[Data excerpts Boundary: Start]
definition skewT :: "nat \<Rightarrow> nat \<Rightarrow> nat \<Rightarrow> real \<times> real \<Rightarrow> real" where
  "skewT i j k th = Ex th (\<lambda>x. score i th x * score j th x * score k th x)"

definition detG :: "real \<times> real \<Rightarrow> real" where
  "detG th = fisher 1 1 th * fisher 2 2 th - fisher 1 2 th * fisher 2 1 th"

definition fisher_inv :: "nat \<Rightarrow> nat \<Rightarrow> real \<times> real \<Rightarrow> real" where
  "fisher_inv i j th =
     (if i = 1 \<and> j = 1 then fisher 2 2 th
      else if i = 2 \<and> j = 2 then fisher 1 1 th
      else - fisher i j th) / detG th"

definition christoffel :: "nat \<Rightarrow> nat \<Rightarrow> nat \<Rightarrow> real \<times> real \<Rightarrow> real" where
  "christoffel i j k th =
     (pd i (fisher j k) th + pd j (fisher k i) th - pd k (fisher i j) th) / 2"

definition alpha_conn_low :: "real \<Rightarrow> nat \<Rightarrow> nat \<Rightarrow> nat \<Rightarrow> real \<times> real \<Rightarrow> real" where
  "alpha_conn_low \<alpha> i j k th = christoffel i j k th - \<alpha> / 2 * skewT i j k th"

definition alpha_conn :: "real \<Rightarrow> nat \<Rightarrow> nat \<Rightarrow> nat \<Rightarrow> real \<times> real \<Rightarrow> real" where
  "alpha_conn \<alpha> i j k th = (\<Sum>s\<in>{1,2}. alpha_conn_low \<alpha> i j s th * fisher_inv s k th)"

text \<open>R(d_i,d_j) d_k = sum_n c_n d_n with [d_i,d_j] = 0 for coordinate fields:
  c_n = d_i Gamma^n_jk - d_j Gamma^n_ik + sum_m (Gamma^m_jk Gamma^n_im - Gamma^m_ik Gamma^n_jm);
  R_ijkl = g(R(d_i,d_j) d_k, d_l) = sum_n c_n g_nl.\<close>
definition alpha_curv :: "real \<Rightarrow> nat \<Rightarrow> nat \<Rightarrow> nat \<Rightarrow> nat \<Rightarrow> real \<times> real \<Rightarrow> real" where
  "alpha_curv \<alpha> i j k l th =
     (\<Sum>n\<in>{1,2}.
        (pd i (alpha_conn \<alpha> j k n) th - pd j (alpha_conn \<alpha> i k n) th
         + (\<Sum>m\<in>{1,2}. alpha_conn \<alpha> j k m th * alpha_conn \<alpha> i m n th
                        - alpha_conn \<alpha> i k m th * alpha_conn \<alpha> j m n th))
        * fisher n l th)"

end

theory Submission
  imports Defs "HOL-Real_Asymp.Real_Asymp"
begin

text \<open>Substituting \<open>x = artanh (2 t - 1)\<close> turns the normalising integral into a Beta integral, so
  \<open>p(x; \<theta>) = exp (\<theta>\<^sup>1 T x + \<theta>\<^sup>2 x - \<phi> \<theta>)\<close> with \<open>T x = ln (sech x) - ln 2\<close> and
  \<open>\<phi> \<theta> = ln (B (a, b)) - ln 2 = ln \<Gamma> a + ln \<Gamma> b - ln \<Gamma> \<theta>\<^sup>1 - ln 2\<close>: an exponential family with
  natural parameter \<open>\<theta>\<close>. Differentiating the moment generating function of the score under the
  integral sign gives \<open>g\<^sub>i\<^sub>j = \<partial>\<^sub>i \<partial>\<^sub>j \<phi>\<close> and \<open>T\<^sub>i\<^sub>j\<^sub>k = \<partial>\<^sub>i \<partial>\<^sub>j \<partial>\<^sub>k \<phi>\<close>, explicit in \<open>\<psi>'\<close> and \<open>\<psi>''\<close>;
  \<open>det G > 0\<close> because no nontrivial combination of the scores vanishes identically. Hence
  \<open>\<Gamma>\<^sup>\<alpha>\<^sub>i\<^sub>j\<^sub>k = (1 - \<alpha>) / 2 * \<partial>\<^sub>i \<partial>\<^sub>j \<partial>\<^sub>k \<phi>\<close>: the \<open>1\<close>-connection vanishes, the \<open>-1\<close>-connection
  is flat because \<open>g\<close> is a Hessian metric, and \<open>R\<^sup>\<alpha> = - (1 - \<alpha>\<^sup>2) / 4 * Q\<close> for the quadratic
  part \<open>Q\<close> of \<open>R\<^sup>-\<^sup>1\<close>, which at \<open>\<alpha> = 0\<close> evaluates to the stated \<open>K\<close>.\<close>

section \<open>Normalisation of the beta-logistic kernel\<close>

lemma sech_pos: "sech x > 0"
  unfolding sech_def by simp

definition half_logit :: "real \<Rightarrow> real" where
  "half_logit t = (ln t - ln (1 - t)) / 2"

definition bl_kernel :: "real \<Rightarrow> real \<Rightarrow> real \<Rightarrow> real" where
  "bl_kernel c d x = 2 powr (1 - c) * sech x powr c * exp (d * x)"

lemma blpdf_eq_bl_kernel:
  "blpdf th x = bl_kernel (fst th) (snd th) x / Beta ((fst th - snd th) / 2) ((fst th + snd th) / 2)"
  by (simp add: blpdf_def bl_kernel_def)

lemma ln_sech_half_logit:
  assumes t: "0 < t" "t < 1"
  shows "ln (sech (half_logit t)) = ln 2 + ln t / 2 + ln (1 - t) / 2"
proof -
  define A where "A = exp (ln t / 2)"
  define B where "B = exp (ln (1 - t) / 2)"
  have A2: "A * A = t" unfolding A_def using t by (simp flip: exp_add)
  have B2: "B * B = 1 - t" unfolding B_def using t by (simp flip: exp_add)
  have AB: "A > 0" "B > 0" unfolding A_def B_def by auto
  have "cosh (half_logit t) = (A / B + B / A) / 2"
    by (simp add: cosh_field_def half_logit_def A_def B_def diff_divide_distrib exp_diff
        exp_minus inverse_eq_divide)
  also have "\<dots> = (A * A + B * B) / (2 * A * B)" using AB by (simp add: field_simps)
  also have "\<dots> = 1 / (2 * A * B)" using A2 B2 by simp
  finally have "sech (half_logit t) = 2 * A * B" unfolding sech_def by simp
  then show ?thesis using AB by (simp add: ln_mult A_def B_def)
qed

definition beta_integrand :: "real \<Rightarrow> real \<Rightarrow> real \<Rightarrow> real" where
  "beta_integrand a b t = t powr (a - 1) * (1 - t) powr (b - 1)"

lemma set_integrable_beta_integrand:
  "a > 0 \<Longrightarrow> b > 0 \<Longrightarrow> set_integrable lborel {0..1} (beta_integrand a b)"
  unfolding beta_integrand_def by (rule integrable_Beta)

lemma interval_integral_beta_integrand:
  assumes "a > 0" "b > 0"
  shows "(LBINT t=0..1. beta_integrand a b t) = Beta a b"
proof -
  have "(LBINT t=0..1. beta_integrand a b t) = (LBINT t:{0..1}. beta_integrand a b t)"
    using interval_integral_Icc[of 0 1 "beta_integrand a b"] by (simp add: zero_ereal_def one_ereal_def)
  also have "\<dots> = integral {0..1} (beta_integrand a b)"
    by (rule set_borel_integral_eq_integral[OF set_integrable_beta_integrand[OF assms]])
  also have "\<dots> = Beta a b"
    unfolding beta_integrand_def[abs_def] by (rule integral_unique[OF has_integral_Beta_real[OF assms]])
  finally show ?thesis .
qed

lemma bl_kernel_half_logit:
  assumes t: "0 < t" "t < 1"
  shows "bl_kernel c d (half_logit t) * (1 / (2 * t * (1 - t))) = beta_integrand ((c + d) / 2) ((c - d) / 2) t"
proof -
  have e1: "1 / (2 * t * (1 - t)) = exp (- ln 2 - ln t - ln (1 - t))"
    using t by (simp add: exp_diff exp_minus)
  have e2: "sech (half_logit t) powr c = exp (c * (ln 2 + ln t / 2 + ln (1 - t) / 2))"
    using sech_pos[of "half_logit t"] by (simp add: powr_def ln_sech_half_logit[OF t])
  have e3: "(2::real) powr (1 - c) = exp ((1 - c) * ln 2)" by (simp add: powr_def)
  have e4: "beta_integrand ((c + d) / 2) ((c - d) / 2) t
      = exp (((c + d) / 2 - 1) * ln t + ((c - d) / 2 - 1) * ln (1 - t))"
    using t by (simp add: beta_integrand_def powr_def exp_add)
  show ?thesis unfolding bl_kernel_def e1 e2 e3 e4 exp_add[symmetric]
    by (rule arg_cong[where f = exp]) (simp add: half_logit_def field_simps)
qed

text \<open>The substitution \<open>x = half_logit t\<close>, i.e. \<open>t = (1 + tanh x) / 2\<close>, maps the kernel onto the
  Beta integrand on \<open>]0, 1[\<close>.\<close>
lemma
  fixes c d :: real
  assumes cd: "c - d > 0" "c + d > 0"
  shows integrable_bl_kernel: "integrable lborel (bl_kernel c d)"
    and integral_bl_kernel_substitution:
      "(\<integral>x. bl_kernel c d x \<partial>lborel) = (LBINT t=0..1. beta_integrand ((c + d) / 2) ((c - d) / 2) t)"
proof -
  define h where "h = bl_kernel c d"
  define g' where "g' = (\<lambda>t::real. 1 / (2 * t * (1 - t)))"
  define B where "B = beta_integrand ((c + d) / 2) ((c - d) / 2)"
  have hg: "h (half_logit t) * g' t = B t" if "0 < t" "t < 1" for t
    using bl_kernel_half_logit[OF that] unfolding h_def g'_def B_def by simp
  have deriv: "DERIV half_logit t :> g' t" if "0 < ereal t" "ereal t < 1" for t
    using that unfolding half_logit_def g'_def
    by (auto intro!: derivative_eq_intros simp: field_simps)
  have cont_h: "isCont h y" for y
    using sech_pos unfolding h_def bl_kernel_def sech_def by (auto intro!: continuous_intros)
  have cont_g': "isCont g' t" if "0 < ereal t" "ereal t < 1" for t
    using that unfolding g'_def by (auto intro!: continuous_intros)
  have h_nonneg: "0 \<le> h y" for y unfolding h_def bl_kernel_def by simp
  have g'_nonneg: "0 \<le> g' t" if "0 \<le> ereal t" "ereal t \<le> 1" for t
    using that unfolding g'_def by auto
  have lim0: "((ereal \<circ> half_logit \<circ> real_of_ereal) \<longlongrightarrow> -\<infinity>) (at_right 0)"
    unfolding zero_ereal_def ereal_tendsto_simps half_logit_def by real_asymp
  have lim1: "((ereal \<circ> half_logit \<circ> real_of_ereal) \<longlongrightarrow> \<infinity>) (at_left 1)"
    unfolding one_ereal_def ereal_tendsto_simps half_logit_def by real_asymp
  have "set_integrable lborel (einterval 0 1) B"
    unfolding B_def using cd
    by (intro set_integrable_subset[OF set_integrable_beta_integrand]) (auto simp: einterval_def)
  then have int_subst: "set_integrable lborel (einterval 0 1) (\<lambda>t. h (half_logit t) * g' t)"
    by (rule set_integrable_cong[THEN iffD1, rotated -1]) (auto simp: einterval_def hg)
  have UNIV_eq: "einterval (-\<infinity>) \<infinity> = UNIV" by (auto simp: einterval_def)
  from interval_integral_substitution_nonneg[of 0 1 half_logit g' h,
      OF _ deriv _ cont_g' _ g'_nonneg lim0 lim1 int_subst] cont_h h_nonneg
  have int: "set_integrable lborel (einterval (-\<infinity>) \<infinity>) h"
    and subst: "(LBINT x=-\<infinity>..\<infinity>. h x) = (LBINT x=0..1. h (half_logit x) * g' x)"
    by auto
  from int show "integrable lborel (bl_kernel c d)" by (simp add: h_def UNIV_eq set_integrable_def)
  have "(\<integral>x. h x \<partial>lborel) = (LBINT x=-\<infinity>..\<infinity>. h x)"
    by (simp add: interval_lebesgue_integral_def UNIV_eq set_lebesgue_integral_def)
  also have "\<dots> = (LBINT x=0..1. B x)"
    unfolding subst
    by (auto simp: interval_lebesgue_integral_def zero_ereal_def one_ereal_def einterval_def hg
        intro!: set_lebesgue_integral_cong)
  finally show "(\<integral>x. bl_kernel c d x \<partial>lborel) = (LBINT t=0..1. beta_integrand ((c + d) / 2) ((c - d) / 2) t)"
    by (simp add: h_def B_def)
qed

lemma integral_bl_kernel:
  fixes c d :: real
  assumes "c - d > 0" "c + d > 0"
  shows "(\<integral>x. bl_kernel c d x \<partial>lborel) = Beta ((c - d) / 2) ((c + d) / 2)"
  using assms
  by (simp add: integral_bl_kernel_substitution interval_integral_beta_integrand Beta_commute)

section \<open>Differentiation under the integral sign\<close>

lemma abs_difference_quotient_le:
  fixes f f' :: "real \<Rightarrow> real"
  assumes "y \<in> {c<..<d}" "t \<in> {c<..<d}" "y \<noteq> t"
    and der: "\<And>s. s \<in> {c<..<d} \<Longrightarrow> (f has_real_derivative f' s) (at s)"
    and bd: "\<And>s. s \<in> {c<..<d} \<Longrightarrow> \<bar>f' s\<bar> \<le> B"
  shows "\<bar>(f y - f t) / (y - t)\<bar> \<le> B"
proof -
  have mvt: "\<exists>z \<in> {c<..<d}. (f v - f u) / (v - u) = f' z"
    if uv: "u < v" "u \<in> {c<..<d}" "v \<in> {c<..<d}" for u v
  proof -
    from MVT2[OF \<open>u < v\<close>, of f f'] uv der obtain z where z: "u < z" "z < v" "f v - f u = (v - u) * f' z"
      by (metis greaterThanLessThan_iff le_less_trans less_le_trans)
    then show ?thesis using uv by (intro bexI[of _ z]) auto
  qed
  have swap: "(f y - f t) / (y - t) = (f t - f y) / (t - y)"
    by (metis minus_diff_eq minus_divide_divide)
  obtain z where z: "z \<in> {c<..<d}" "(f y - f t) / (y - t) = f' z"
  proof (cases "y < t")
    case True
    then show ?thesis using that mvt[of y t] swap assms by auto
  next
    case False
    then show ?thesis using that mvt[of t y] assms by auto
  qed
  show ?thesis unfolding z(2) by (rule bd[OF z(1)])
qed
[Data excerpts Boundary: End]
Your objective
Find the word "section" in the entries, and copy every line it shows up in.

Solution to the problem
section \<open>Normalisation of the beta-logistic kernel\<close>
section \<open>Differentiation under the integral sign\<close>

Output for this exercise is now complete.